[[ Extracted information open ]]
lemma lin_indep2_orthogonal_decomposition:
  assumes "lin_indep2 V W"
  obtains c d R where "A = cscale_mat c V + cscale_mat d W + R"
    and "hs_inner R V = 0" and "hs_inner R W = 0"
proof -
  have "V \<noteq> 0"
    using lin_indep2_diff_nonzero[OF assms, of 0] by simp
  define l where "l = hs_inner W V / hs_inner V V"
  define F where "F = W - cscale_mat l V"
  have FV: "hs_inner F V = 0"
    unfolding F_def l_def using \<open>V \<noteq> 0\<close> by (rule hs_inner_projection_orthogonal)
  have "F \<noteq> 0"
    unfolding F_def by (rule lin_indep2_diff_nonzero[OF lin_indep2_sym[OF assms]])
  define m where "m = hs_inner A V / hs_inner V V"
  define n where "n = hs_inner A F / hs_inner F F"
  define R where "R = A - cscale_mat m V - cscale_mat n F"
  have R_inner: "hs_inner R X = hs_inner A X - m * hs_inner V X - n * hs_inner F X" for X
    by (simp add: R_def hs_inner_diff_left hs_inner_cscale_left)
  have VF: "hs_inner V F = 0"
    using FV hs_inner_commute[of V F] by simp
  have RV: "hs_inner R V = 0"
    using \<open>V \<noteq> 0\<close> by (simp add: R_inner FV m_def)
  have RF: "hs_inner R F = 0"
    using \<open>F \<noteq> 0\<close> by (simp add: R_inner VF n_def)
  have "W = F + cscale_mat l V"
    by (simp add: F_def)
  then have RW: "hs_inner R W = 0"
    by (simp add: hs_inner_add_right hs_inner_cscale_right RV RF)
  have "A = cscale_mat (m - n * l) V + cscale_mat n W + R"
    by (simp add: R_def F_def vec_eq_iff algebra_simps)
  with RV RW that show thesis by blast
qed

subsection \<open>Kraus families of a mixture of two conjugations\<close>

definition matrix_unit :: "'m \<Rightarrow> 'n \<Rightarrow> 'a::zero_neq_one^'n^'m" where
  "matrix_unit p q = (\<chi> r s. if r = p \<and> s = q then 1 else 0)"

lemma mult_matrix_unit_nth: "(W ** matrix_unit p q) $ i $ k = (if k = q then W $ i $ p else 0)"
  by (simp add: matrix_mult_nth matrix_unit_def if_distrib if_distribR cong: if_cong)

lemma conj_matrix_unit_nth:
  "(W ** matrix_unit p q ** adjoint_mat W) $ i $ j = W $ i $ p * cnj (W $ j $ q)"
proof -
  have "(W ** matrix_unit p q) $ i $ k * adjoint_mat W $ k $ j
      = (if k = q then W $ i $ p * cnj (W $ j $ q) else 0)" for k
    by (simp add: mult_matrix_unit_nth)
  then show ?thesis
    by (simp add: matrix_mult_nth[of "W ** matrix_unit p q"])
qed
[[ Extracted information closed ]]
• Work item
Output each record exactly, leaving nothing out.

• Answer to the problem
lemma lin_indep2_orthogonal_decomposition:
  assumes "lin_indep2 V W"
  obtains c d R where "A = cscale_mat c V + cscale_mat d W + R"
    and "hs_inner R V = 0" and "hs_inner R W = 0"
proof -
  have "V \<noteq> 0"
    using lin_indep2_diff_nonzero[OF assms, of 0] by simp
  define l where "l = hs_inner W V / hs_inner V V"
  define F where "F = W - cscale_mat l V"
  have FV: "hs_inner F V = 0"
    unfolding F_def l_def using \<open>V \<noteq> 0\<close> by (rule hs_inner_projection_orthogonal)
  have "F \<noteq> 0"
    unfolding F_def by (rule lin_indep2_diff_nonzero[OF lin_indep2_sym[OF assms]])
  define m where "m = hs_inner A V / hs_inner V V"
  define n where "n = hs_inner A F / hs_inner F F"
  define R where "R = A - cscale_mat m V - cscale_mat n F"
  have R_inner: "hs_inner R X = hs_inner A X - m * hs_inner V X - n * hs_inner F X" for X
    by (simp add: R_def hs_inner_diff_left hs_inner_cscale_left)
  have VF: "hs_inner V F = 0"
    using FV hs_inner_commute[of V F] by simp
  have RV: "hs_inner R V = 0"
    using \<open>V \<noteq> 0\<close> by (simp add: R_inner FV m_def)
  have RF: "hs_inner R F = 0"
    using \<open>F \<noteq> 0\<close> by (simp add: R_inner VF n_def)
  have "W = F + cscale_mat l V"
    by (simp add: F_def)
  then have RW: "hs_inner R W = 0"
    by (simp add: hs_inner_add_right hs_inner_cscale_right RV RF)
  have "A = cscale_mat (m - n * l) V + cscale_mat n W + R"
    by (simp add: R_def F_def vec_eq_iff algebra_simps)
  with RV RW that show thesis by blast
qed

subsection \<open>Kraus families of a mixture of two conjugations\<close>

definition matrix_unit :: "'m \<Rightarrow> 'n \<Rightarrow> 'a::zero_neq_one^'n^'m" where
  "matrix_unit p q = (\<chi> r s. if r = p \<and> s = q then 1 else 0)"

lemma mult_matrix_unit_nth: "(W ** matrix_unit p q) $ i $ k = (if k = q then W $ i $ p else 0)"
  by (simp add: matrix_mult_nth matrix_unit_def if_distrib if_distribR cong: if_cong)

lemma conj_matrix_unit_nth:
  "(W ** matrix_unit p q ** adjoint_mat W) $ i $ j = W $ i $ p * cnj (W $ j $ q)"
proof -
  have "(W ** matrix_unit p q) $ i $ k * adjoint_mat W $ k $ j
      = (if k = q then W $ i $ p * cnj (W $ j $ q) else 0)" for k
    by (simp add: mult_matrix_unit_nth)
  then show ?thesis
    by (simp add: matrix_mult_nth[of "W ** matrix_unit p q"])
qed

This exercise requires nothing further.